Discuss here different C compiler set ups, and compiling executables for the ESP8266

User avatar
By jcmvbkbc
#19042
cal wrote:Maybe I wasn't clear but I applied the same change (without condition) to the esp open sdk version and it just hung up.

I've noticed the hangup part, but absolutely missed the change ):
I'm doing my tests with QEMU gdb stub, it's very predictable.

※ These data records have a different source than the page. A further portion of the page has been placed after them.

(* Let $n\ge 2$, $2\le r\le n$, $\lambda\ge1$ and $1\le k\le n-1$ be integers, and let $\mathcal{B}=\{B_1,\dots,B_{N^*}\}$ be a balanced incomplete block design $S_\lambda(2,r,n)$ on $I_n=\{1,\dots,n\}$ (blocks are $r$-element subsets of $I_n$, and every 2-element subset of $I_n$ is contained in exactly $\lambda$ blocks; $N^*=\lambda n(n-1)/(r(r-1))$). For $A\subseteq I_n$ with $|A|=n-k$ put $T(A)=\sum_{B\in\mathcal{B}:\,|B\cap A|\ge 2}(|B\cap A|-1)$ and $T=\max_{A\subseteq I_n,\,|A|=n-k}T(A)$. If $q$ is a prime power with $q>\binom{n}{k}TM$, where $M=\frac{\lambda n(n-1)}{r}-T$, then there exists a linear $(n,k,d)=(n,k,n-1)$ exact-repair regenerating code over $\mathbb{F}_q$ with $$\alpha=\frac{\lambda(n-1)}{r-1},\qquad \beta=\lambda,\qquad M=\frac{\lambda n(n-1)}{r}-T,$$ which has uncoded repair: when a node fails, each of the $n-1$ remaining nodes sends exactly $\lambda$ of its stored symbols, unchanged.
   Context: A linear $(n,k,d)$ exact-repair regenerating code over $\mathbb{F}_q$ with parameters $(\alpha,\beta,M)$ stores on each of $n$ nodes $\alpha$ symbols of $\mathbb{F}_q$, each a linear function of a message in $\mathbb{F}_q^M$, such that (i) the message can be recovered from the contents of any $k$ nodes, and (ii) for any node $j$ and any set $A$ of $d$ other nodes, each node in $A$ sends $\beta$ symbols computed from its own content, and from the $d\beta$ received symbols the exact content of node $j$ can be reconstructed. *)

theory Defs
  imports Complex_Main
begin

text \<open>Balanced incomplete block design S_lambda(2,r,n) on {1..n}; the blocks form a
  list (a family, repetitions allowed).\<close>
definition bibd :: "nat \<Rightarrow> nat \<Rightarrow> nat \<Rightarrow> nat set list \<Rightarrow> bool" where
  "bibd lam r n Bs \<longleftrightarrow>
     (\<forall>B\<in>set Bs. B \<subseteq> {1..n} \<and> card B = r) \<and>
     (\<forall>x\<in>{1..n}. \<forall>y\<in>{1..n}. x \<noteq> y \<longrightarrow>
        length (filter (\<lambda>B. x \<in> B \<and> y \<in> B) Bs) = lam)"

definition T_of :: "nat set list \<Rightarrow> nat set \<Rightarrow> nat" where
  "T_of Bs A = sum_list (map (\<lambda>B. card (B \<inter> A) - 1) (filter (\<lambda>B. card (B \<inter> A) \<ge> 2) Bs))"

definition T_max :: "nat \<Rightarrow> nat \<Rightarrow> nat set list \<Rightarrow> nat" where
  "T_max n k Bs = Max {T_of Bs A | A. A \<subseteq> {1..n} \<and> card A = n - k}"

text \<open>Linear code: node i (in {1..n}) stores alpha symbols; symbol t of node i is the
  linear form sum_{m<M} G i t m * x m of the message x (only x 0..x (M-1) matter).\<close>
definition content :: "nat \<Rightarrow> (nat \<Rightarrow> nat \<Rightarrow> nat \<Rightarrow> 'a::field) \<Rightarrow> nat \<Rightarrow> (nat \<Rightarrow> 'a) \<Rightarrow> nat \<Rightarrow> 'a" where
  "content M G i x t = (\<Sum>m<M. G i t m * x m)"

text \<open>(n,k,d) exact-repair linear regenerating code with parameters (alpha,beta,M):
  (i) any k nodes determine the message; (ii) for any node j and any d other nodes A,
  each node of A sends beta linear combinations of its content, and these d*beta
  symbols determine the content of node j.\<close>
definition lin_regen_code ::
  "nat \<Rightarrow> nat \<Rightarrow> nat \<Rightarrow> nat \<Rightarrow> nat \<Rightarrow> nat \<Rightarrow> (nat \<Rightarrow> nat \<Rightarrow> nat \<Rightarrow> 'a::field) \<Rightarrow> bool" where
  "lin_regen_code n k d \<alpha> \<beta> M G \<longleftrightarrow>
     (\<forall>K. K \<subseteq> {1..n} \<and> card K = k \<longrightarrow>
        (\<forall>x y. (\<forall>i\<in>K. \<forall>t<\<alpha>. content M G i x t = content M G i y t) \<longrightarrow> (\<forall>m<M. x m = y m))) \<and>
     (\<forall>j\<in>{1..n}. \<forall>A. A \<subseteq> {1..n} - {j} \<and> card A = d \<longrightarrow>
        (\<exists>H :: nat \<Rightarrow> nat \<Rightarrow> nat \<Rightarrow> 'a.
          \<forall>x y. (\<forall>i\<in>A. \<forall>l<\<beta>. (\<Sum>t<\<alpha>. H i l t * content M G i x t) = (\<Sum>t<\<alpha>. H i l t * content M G i y t))
               \<longrightarrow> (\<forall>t<\<alpha>. content M G j x t = content M G j y t)))"
subsection \<open>Deflating blocks of the pencil\<close>

lemma pencil_blocks_in_basis:
  assumes M: "M \<in> carrier_mat N N" and L: "L \<in> carrier_mat N N"
    and U1: "U1 \<in> carrier_mat N k" and U0: "U0 \<in> carrier_mat N l" and Uinf: "Uinf \<in> carrier_mat N l"
    and S: "S \<in> carrier_mat k k"
    and "M * U0 = 0\<^sub>m N l" "L * Uinf = 0\<^sub>m N l" "M * U1 = L * U1 * S"
  shows "M * hcat U1 (hcat U0 Uinf) * dsum (1\<^sub>m k) (dsum (1\<^sub>m l) (0\<^sub>m l l)) =
         L * hcat U1 (hcat U0 Uinf) * dsum S (dsum (0\<^sub>m l l) (1\<^sub>m l))"
proof -
  have LU1S: "L * U1 * S \<in> carrier_mat N k"
    using L U1 S by (metis mult_carrier_mat)
  have "M * hcat U1 (hcat U0 Uinf) * dsum (1\<^sub>m k) (dsum (1\<^sub>m l) (0\<^sub>m l l)) =
      hcat (M * U1 * 1\<^sub>m k) (hcat (M * U0 * 1\<^sub>m l) (M * Uinf * 0\<^sub>m l l))"
    using mult_hcat[OF M U1 hcat_carrier[OF U0 Uinf]] mult_hcat[OF M U0 Uinf]
    by (auto intro!: hcat3_mult_dsum3 intro: mult_carrier_mat M U0 U1 Uinf)
  also have "\<dots> = hcat (L * U1 * S) (hcat (0\<^sub>m N l) (0\<^sub>m N l))"
    using assms(7,9) M Uinf right_mult_one_mat[OF LU1S] by simp
  also have "\<dots> = hcat (L * U1 * S) (hcat (L * U0 * 0\<^sub>m l l) (L * Uinf * 1\<^sub>m l))"
    using assms(8) L U0 by simp
  also have "\<dots> = L * hcat U1 (hcat U0 Uinf) * dsum S (dsum (0\<^sub>m l l) (1\<^sub>m l))"
    using mult_hcat[OF L U1 hcat_carrier[OF U0 Uinf]] mult_hcat[OF L U0 Uinf]
    by (auto intro!: hcat3_mult_dsum3[symmetric] intro: mult_carrier_mat L U0 U1 Uinf S)
  finally show ?thesis .
qed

cal wrote:* the litben issue is fixed.
* "call" seems to have an issue on my stub not continuing properly
* I added angus bt fix and my prologue hack to improve bt

The first is in the mainline already. The second is not in gdb. Ok, let me take a closer look at the third.
Thanks for your testing and feedback.
User avatar
By cal
#19052 Moin,

I am confused what state the debugger should see after executing

Code: Select allasm("break 0,0");


On IA64 the PC is set after the breakpoint when entering the debugger.
On esp8266 technically the PC (epc) will be set on the breakpoint address.
If I try to imitate the ia64 and automatically increment the PC the backtrace bt does break.

So I see 2 alternatives

* I forgot to adjust some other register(s)
* xtensa is different and will show pc on the breakpoint address in debugger

And if I execute a "continue" then, will the debugger continue AFTER the breakpoint or trigger the breakpoint again?
After the breakpoint would mean an implicit "set $pc += 3" as far as I see.
Will the registers shown in gdb have debugcause/intlevel/excm etc. being set to values of the break
or to values before the break so that the effects of the break are not visible or
only partly visible?

I am confused because I try to implement "call" support and can't see how
to combine that with "break" support.

Cal
User avatar
By jcmvbkbc
#19054
cal wrote:I am confused what state the debugger should see after executing

Code: Select allasm("break 0,0");


On IA64 the PC is set after the breakpoint when entering the debugger.
On esp8266 technically the PC (epc) will be set on the breakpoint address.
If I try to imitate the ia64 and automatically increment the PC the backtrace bt does break.

So I see 2 alternatives

* I forgot to adjust some other register(s)
* xtensa is different and will show pc on the breakpoint address in debugger

And if I execute a "continue" then, will the debugger continue AFTER the breakpoint or trigger the breakpoint again?
After the breakpoint would mean an implicit "set $pc += 3" as far as I see.
Will the registers shown in gdb have debugcause/intlevel/excm etc. being set to values of the break
or to values before the break so that the effects of the break are not visible or
only partly visible?

Debug exception is in all regards just another exception. That means
- epc<debug level> points to break instruction;
- eps<debug level> saves ps state right before break execution.
Debugcause is updated by the break instruction, reflecting that it was break (or break.n) instruction that caused the exception.
If you don't adjust epc<debug level> before returning from handler you'll return back to break and immediately get debug exception again (if eps<debug level> wasn't changed so that cintlevel would be >= debuglevel after return).

Normally an instruction pointed to by epc<debug level> should be analyzed before returning from the debug exception and in case it's break/break.n it should be stepped over.

BTW, did you mean IA64 or x86_64 aka amd64 aka x64? They are significantly different.